Alistair Little, partner at TressCox Lawyers, told SmartCompany it appeared Boyle had failed to properly answer questions under section 155(1)(c) examination.
“It is a good illustration of the ACCC paying enormous attention to claims that have particular healing or health benefits without that being the case,” he says.
Little says the section of the consumer act used in the case against Boyle gives the ACCC “extremely broad power” to require recipients to give evidence.
“You are very limited in grounds you can object to answering questions,” Little says.
“The ACCC can force you to come into meeting, failure to do so can result in a fine.”
Little says the important message is if a business receives a section 155 notice, “whether it requires you to attend in person or otherwise, you need to comply very strictly”.

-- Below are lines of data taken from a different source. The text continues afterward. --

lemma tau_anf_sum_in_sigma_ring:
  "finite I \<Longrightarrow> I \<subseteq> {..<2 ^ k} \<Longrightarrow>
   (\<lambda>x. x \<subseteq> {..<n} \<and> odd (card {i\<in>I. bits k i \<subseteq> bits k (card x)})) \<in> sigma_ring n k"
proof (induction I rule: finite_induct)
  case empty
  then show ?case using zero_in_sigma_ring by (simp add: bf_zero_def)
next
  case (insert i I)
  have mono: "(\<lambda>x. x \<subseteq> {..<n} \<and> bits k i \<subseteq> bits k (card x)) \<in> sigma_ring n k"
    by (rule tau_monomial_in_sigma_ring) (auto simp: bits_def)
  have "(\<lambda>x. x \<subseteq> {..<n} \<and> odd (card {i'\<in>insert i I. bits k i' \<subseteq> bits k (card x)}))
     = ring.add (BF_ring n) (\<lambda>x. x \<subseteq> {..<n} \<and> bits k i \<subseteq> bits k (card x))
         (\<lambda>x. x \<subseteq> {..<n} \<and> odd (card {i\<in>I. bits k i \<subseteq> bits k (card x)}))"
  proof (rule ext)
    fix x :: "nat set"
    have "{i'\<in>insert i I. bits k i' \<subseteq> bits k (card x)} =
      (if bits k i \<subseteq> bits k (card x) then insert i {i\<in>I. bits k i \<subseteq> bits k (card x)} else {i\<in>I. bits k i \<subseteq> bits k (card x)})"
      by auto
    then show "(x \<subseteq> {..<n} \<and> odd (card {i'\<in>insert i I. bits k i' \<subseteq> bits k (card x)})) =
      ring.add (BF_ring n) (\<lambda>x. x \<subseteq> {..<n} \<and> bits k i \<subseteq> bits k (card x))
         (\<lambda>x. x \<subseteq> {..<n} \<and> odd (card {i\<in>I. bits k i \<subseteq> bits k (card x)})) x"
      using insert(1,2) unfolding BF_ring_simps bf_add_def
      by (cases "bits k i \<subseteq> bits k (card x)"; cases "x \<subseteq> {..<n}") simp_all
  qed
  moreover have "(\<lambda>x. x \<subseteq> {..<n} \<and> odd (card {i\<in>I. bits k i \<subseteq> bits k (card x)})) \<in> sigma_ring n k"
    using insert by simp
  ultimately show ?case using generate_ring.eng_add[OF mono] by simp
qed

lemma tau_image_in_sigma_ring: "F \<in> BF k \<Longrightarrow> tau n k F \<in> sigma_ring n k"
proof -
  assume "F \<in> BF k"
  then obtain c where c: "F = anf k c" using BF_has_anf by blast
  have "tau n k F = (\<lambda>x. x \<subseteq> {..<n} \<and> odd (card {i\<in>{i. i < 2 ^ k \<and> c i}. bits k i \<subseteq> bits k (card x)}))"
    unfolding c by (rule ext) (simp add: tau_weight anf_def bits_subset)
  then show ?thesis using tau_anf_sum_in_sigma_ring[of "{i. i < 2 ^ k \<and> c i}" k n] by auto
qed

lemma sigma_ring_eq_tau_image: "sigma_ring n k = tau n k ` BF k"
  using sigma_ring_in_tau_image tau_image_in_sigma_ring by blast


theorem theorem2:
  fixes n k :: nat
  assumes "k \<ge> 1" and "2 ^ k \<le> n + 1"
  shows "SB_deg n (2 ^ k - 1) = generate_ring (BF_ring n) ((\<lambda>j. esym n (2 ^ j)) ` {..<k})
         \<and> tau n k \<in> ring_iso (BF_ring k) (SB_deg_ring n (2 ^ k - 1))"
proof
  show "SB_deg n (2 ^ k - 1) = sigma_ring n k"
    using sigma_ring_eq_tau_image tau_image by simp
  have "bij_betw (tau n k) (BF k) (SB_deg n (2 ^ k - 1))"
    using tau_inj[OF assms(2)] tau_image by (simp add: bij_betw_def)
  then show "tau n k \<in> ring_iso (BF_ring k) (SB_deg_ring n (2 ^ k - 1))"
    using tau_ring_hom by (simp add: ring_iso_def BF_ring_simps SB_ring_simps)
qed

end
lemma strict_mono_on_if_pos_deriv:
  fixes \<Phi> \<phi> :: "real \<Rightarrow> real"
  assumes "is_interval D" "D \<subseteq> {0..}"
    and cont: "\<And>y. y \<in> D \<Longrightarrow> continuous_on {0..y} \<Phi>"
    and deriv: "\<And>y. y \<in> interior D \<Longrightarrow> (\<Phi> has_real_derivative \<phi> y) (at y)"
    and pos: "\<And>y. y \<in> interior D \<Longrightarrow> 0 < \<phi> y"
  shows "strict_mono_on D \<Phi>"
proof (rule strict_mono_onI)
  fix y z assume yz: "y \<in> D" "z \<in> D" "y < z"
  have "{y<..<z} \<subseteq> D"
    using assms(1) yz unfolding is_interval_1 by fastforce
  then have sub: "{y<..<z} \<subseteq> interior D"
    by (simp add: interior_maximal)
  show "\<Phi> y < \<Phi> z"
  proof (rule DERIV_pos_imp_increasing_open[OF \<open>y < z\<close>])
    fix t assume "y < t" "t < z"
    then have "t \<in> interior D" using sub by auto
    then show "\<exists>d. (\<Phi> has_real_derivative d) (at t) \<and> 0 < d"
      using deriv pos by blast
  next
    show "continuous_on {y..z} \<Phi>"
      using assms(2) yz by (intro continuous_on_subset[OF cont[of z]]) auto
  qed
qed

lemma the_inv_into_primitive_has_real_derivative:
  fixes \<Phi> \<phi> :: "real \<Rightarrow> real"
  assumes D: "is_interval D" "0 \<in> D" "D \<subseteq> {0..}"
    and \<Phi>0: "\<Phi> 0 = 0"
    and cont: "\<And>y. y \<in> D \<Longrightarrow> continuous_on {0..y} \<Phi>"
    and deriv: "\<And>y. y \<in> interior D \<Longrightarrow> (\<Phi> has_real_derivative \<phi> y) (at y)"
    and pos: "\<And>y. y \<in> interior D \<Longrightarrow> 0 < \<phi> y"
    and x: "0 < x" "z \<in> D" "x < \<Phi> z"
  obtains y where "y \<in> interior D" "\<Phi> y = x" "the_inv_into D \<Phi> x = y"
    "(the_inv_into D \<Phi> has_real_derivative inverse (\<phi> y)) (at x)"
proof -
  have inj: "inj_on \<Phi> D"
    by (rule strict_mono_on_imp_inj_on[OF strict_mono_on_if_pos_deriv[OF D(1,3) cont deriv pos]])
  have "\<Phi> 0 \<le> x" "x \<le> \<Phi> z" "0 \<le> z" using \<Phi>0 x D(3) by auto
  from IVT'[OF this cont[OF x(2)]] obtain y where y: "0 \<le> y" "y \<le> z" "\<Phi> y = x"
    by blast
  have "{0<..<z} \<subseteq> D"
    using D(1,2) x(2) unfolding is_interval_1 by fastforce
  then have "{0<..<z} \<subseteq> interior D"
    by (simp add: interior_maximal)
  moreover have "0 < y" "y < z" using y x \<Phi>0 by (auto simp: le_less)
  ultimately have y_int: "y \<in> interior D" by auto
  then have "y \<in> D" using interior_subset by blast
  then have y_inv: "the_inv_into D \<Phi> x = y"
    using the_inv_into_f_f[OF inj] y(3) by blast
  have "continuous_on (interior D) \<Phi>"
    using deriv by (intro continuous_at_imp_continuous_on ballI DERIV_isCont) blast
  moreover have "the_inv_into D \<Phi> (\<Phi> u) = u" if "u \<in> interior D" for u
    using the_inv_into_f_f[OF inj] interior_subset that by blast
  ultimately have "(the_inv_into D \<Phi> has_real_derivative inverse (\<phi> y)) (at (\<Phi> y))"
    using y_int deriv[OF y_int] pos[OF y_int]
    by (intro DERIV_inverse_function_open[where S = "interior D"]) auto
  then show ?thesis using that y_int y(3) y_inv by blast
qed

“Failure to give proper answers or documents… can result in what happens here, the imposition of a fine and a conviction for knowingly giving false and misleading evidence.”
Little says other things for businesses to take note of are that it is important to know who you are going into business with.
“Foster has a long history of being a subject of consumer and competition law investigations over an extended period of time, not just in Australia but in other countries,” he says.
“If you decide to go into business with someone, it’s important you know about their background.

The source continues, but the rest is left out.